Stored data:
theorem propositionA2:
  shows
  \<comment> \<open>(i) H^1\<close>
  "(\<forall>i\<in>{1,2}. cocycle 1 (alpha i)) \<and>
   (\<forall>\<phi>. cocycle 1 \<phi> \<longrightarrow> (\<exists>m1 m2. cohomologous 1 \<phi> (\<lambda>xs. m1 * alpha 1 xs + m2 * alpha 2 xs))) \<and>
   \<comment> \<open>(ii) H^2\<close>
   (\<forall>i\<in>{1,2}. cocycle 2 (beta i)) \<and>
   (\<forall>\<phi>. cocycle 2 \<phi> \<longrightarrow> (\<exists>m1 m2. cohomologous 2 \<phi> (\<lambda>xs. m1 * beta 1 xs + m2 * beta 2 xs))) \<and>
   \<comment> \<open>(iii) H^3\<close>
   cocycle 3 gamma \<and>
   (\<forall>\<phi>. cocycle 3 \<phi> \<longrightarrow> (\<exists>m. cohomologous 3 \<phi> (\<lambda>xs. m * gamma xs))) \<and>
   \<comment> \<open>(iv) cup products\<close>
   cohomologous 2 (cup 1 (alpha 1) (alpha 2)) (\<lambda>xs. 0) \<and>
   (\<forall>i\<in>{1,2}. \<forall>j\<in>{1,2}.
      cohomologous 3 (cup 2 (beta i) (alpha j)) (\<lambda>xs. (if i = j then 0 else 1) * gamma xs)) \<and>
   \<comment> \<open>(v) homology\<close>
   (\<forall>i\<in>{1,2}. cycle 1 (A i)) \<and>
   (\<forall>z. cycle 1 z \<longrightarrow> (\<exists>m1 m2. homologous 1 z (\<lambda>ys. m1 * A 1 ys + m2 * A 2 ys))) \<and>
   (\<forall>i\<in>{1,2}. cycle 2 (B i)) \<and>
   (\<forall>z. cycle 2 z \<longrightarrow> (\<exists>m1 m2. homologous 2 z (\<lambda>ys. m1 * B 1 ys + m2 * B 2 ys))) \<and>
   cycle 3 C \<and>
   (\<forall>z. cycle 3 z \<longrightarrow> (\<exists>m. homologous 3 z (\<lambda>ys. m * C ys)))"
proof -
  have "\<forall>\<phi>. cocycle 1 \<phi> \<longrightarrow> (\<exists>m1 m2. cohomologous 1 \<phi> (\<lambda>xs. m1 * alpha 1 xs + m2 * alpha 2 xs))"
    by (intro allI impI exI) (erule cohomologous_alpha)
  moreover have "\<forall>\<phi>. cocycle 2 \<phi> \<longrightarrow> (\<exists>m1 m2. cohomologous 2 \<phi> (\<lambda>xs. m1 * beta 1 xs + m2 * beta 2 xs))"
    by (intro allI impI exI) (erule cohomologous_beta)
  moreover have "\<forall>\<phi>. cocycle 3 \<phi> \<longrightarrow> (\<exists>m. cohomologous 3 \<phi> (\<lambda>xs. m * gamma xs))"
    by (intro allI impI exI) (erule cohomologous_gamma)
  ultimately show ?thesis
    by (simp add: alpha_cocycle beta_cocycle gamma_cocycle cup_alpha_alpha_cohomologous_0
        cup_beta_alpha_cohomologous cycle_A homologous_A cycle_B homologous_B cycle_C homologous_C
        del: One_nat_def)
qed

end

WORK REQUIRED: Out of the preceding entries, pull each line that contains the word "close".

EXERCISE RESULT:
  \<comment> \<open>(i) H^1\<close>
   \<comment> \<open>(ii) H^2\<close>
   \<comment> \<open>(iii) H^3\<close>
   \<comment> \<open>(iv) cup products\<close>
   \<comment> \<open>(v) homology\<close>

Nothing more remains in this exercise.